お母さんが倒れたという連絡を聞いたのは、ちょっと大きめの地震があった、翌日の朝だった。
その日は高校の入学式で、わたしは式の真っ最中にいきなり見知らぬ先生に呼ばれ、職員室でその連絡を聞いた。
わたしが病院に着いた時には、お母さんはベッドの上で弱々しく寝ていた。
今朝元気にわたしを送りだしてくれたお母さんと同一人物なんだろうか。そう思う。
頬はげっそりと痩せこけ、顔色も蒼白。
今朝「今日の夕食は、美子の好きなちらし寿司作ってあげるからね」って笑ってくれたのに。

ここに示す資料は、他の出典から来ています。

lemma feasible_of_satisfies_constraints:
  assumes "\<forall>r\<in>constraints n t.
    dot_on ({1..n} \<times> {1..n}) (constraint_coeff A r) x \<le> constraint_bound \<mu> \<tau> r"
  shows "matrix_of n x \<in> Delta n"
    and "\<forall>l\<in>{1..t}. \<tau> l \<le> \<mu> l + mat_inner n (A l) (matrix_of n x)"
proof -
  define P where "P = matrix_of n x"
  have row: "mat_inner n (\<lambda>i k. constraint_coeff A r (i, k)) P \<le> constraint_bound \<mu> \<tau> r"
    if "r \<in> constraints n t" for r
    using assms that unfolding P_def dot_on_square by blast
  have "0 \<le> P i k" if "i \<in> {1..n}" "k \<in> {1..n}" for i k
    using row[of "Nonneg (i, k)"] that by (simp add: constraints_def mat_inner_entry)
  moreover have "P i k \<le> 1 / real k * (\<Sum>j\<in>{1..n}. P j k)" if "i \<in> {1..n}" "k \<in> {1..n}" for i k
    using row[of "Column (i, k)"] that
    by (simp add: constraints_def mat_inner_diff mat_inner_entry mat_inner_column)
  moreover have "(\<Sum>k\<in>{1..n}. 1 / real k * (\<Sum>i\<in>{1..n}. P i k)) \<le> 1"
  proof -
    have "(\<Sum>k\<in>{1..n}. 1 / real k * (\<Sum>i\<in>{1..n}. P i k)) = mat_inner n (\<lambda>i k. 1 / real k) P"
      unfolding mat_inner_def by (subst sum.swap) (simp add: sum_distrib_left)
    then show ?thesis using row[of Mass] by (simp add: constraints_def)
  qed
  ultimately show "matrix_of n x \<in> Delta n"
    unfolding P_def Delta_def by (auto simp: matrix_of_def)
  show "\<forall>l\<in>{1..t}. \<tau> l \<le> \<mu> l + mat_inner n (A l) (matrix_of n x)"
  proof
    fix l assume "l \<in> {1..t}"
    then have "mat_inner n (\<lambda>i k. constraint_coeff A (Metric l) (i, k)) P \<le> \<mu> l - \<tau> l"
      using row[of "Metric l"] by (simp add: constraints_def)
    then show "\<tau> l \<le> \<mu> l + mat_inner n (A l) (matrix_of n x)"
      by (simp add: P_def mat_inner_uminus)
  qed
qed

lemma constraint_coeff_combination:
  assumes "i \<in> {1..n}" "k \<in> {1..n}"
  shows "(\<Sum>r\<in>constraints n t. y r * constraint_coeff A r (i, k))
    = - y (Nonneg (i, k)) + y (Column (i, k)) - (\<Sum>j\<in>{1..n}. y (Column (j, k))) / real k
      + y Mass / real k - (\<Sum>l\<in>{1..t}. y (Metric l) * A l i k)"
proof -
  have nonneg: "(\<Sum>q\<in>{1..n} \<times> {1..n}. y (Nonneg q) * constraint_coeff A (Nonneg q) (i, k))
      = - y (Nonneg (i, k))"
    using assms by (simp add: if_distrib if_distribR sum.delta' cong: if_cong)
  have "y (Column q) * constraint_coeff A (Column q) (i, k)
      = (if q = (i, k) then y (Column q) else 0) - (if snd q = k then y (Column q) / real k else 0)"
    for q by (cases q) (auto simp: algebra_simps)
  then have "(\<Sum>q\<in>{1..n} \<times> {1..n}. y (Column q) * constraint_coeff A (Column q) (i, k))
      = (\<Sum>q\<in>{1..n} \<times> {1..n}. if q = (i, k) then y (Column q) else 0)
        - (\<Sum>q\<in>{1..n} \<times> {1..n}. if snd q = k then y (Column q) / real k else 0)"
    by (simp add: sum_subtractf)
  also have "(\<Sum>q\<in>{1..n} \<times> {1..n}. if q = (i, k) then y (Column q) else 0) = y (Column (i, k))"
    using assms by (simp add: sum.delta)
  also have "(\<Sum>q\<in>{1..n} \<times> {1..n}. if snd q = k then y (Column q) / real k else 0)
      = (\<Sum>j\<in>{1..n}. y (Column (j, k))) / real k"
    using assms by (simp add: sum.cartesian_product' sum_divide_distrib)
  finally show ?thesis using assms nonneg
    by (simp add: sum_constraints sum_negf)
qed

苦しそうにはあはあと荒い、しかし小さな息をしている。
「お母さん! お母さん!!」
わたしが声をかけると、少し遅れてゆっくりと目を開けてくれた。
それから痙攣のように手を震わせてわたしの手を握ると、
「美子……ごめんなさいね……あなたに……」
耳をそばだててないと聞こえないくらい、かすれた弱々しい声。
でも。その時、突然お母さんの手の力が消えた。
「……ご臨終です」
やがて聞こえてきた、お医者さんの淡々とした声。
何て冷たく、重く、寂しい声だろう。
その時お父さんとお兄ちゃんが病室に着いてたけど、わたしは全く気づかなかった。
力の抜けたお母さんの手が、だんだんと冷たくなっていくのが判る。
でも、わたしは何もできなかった。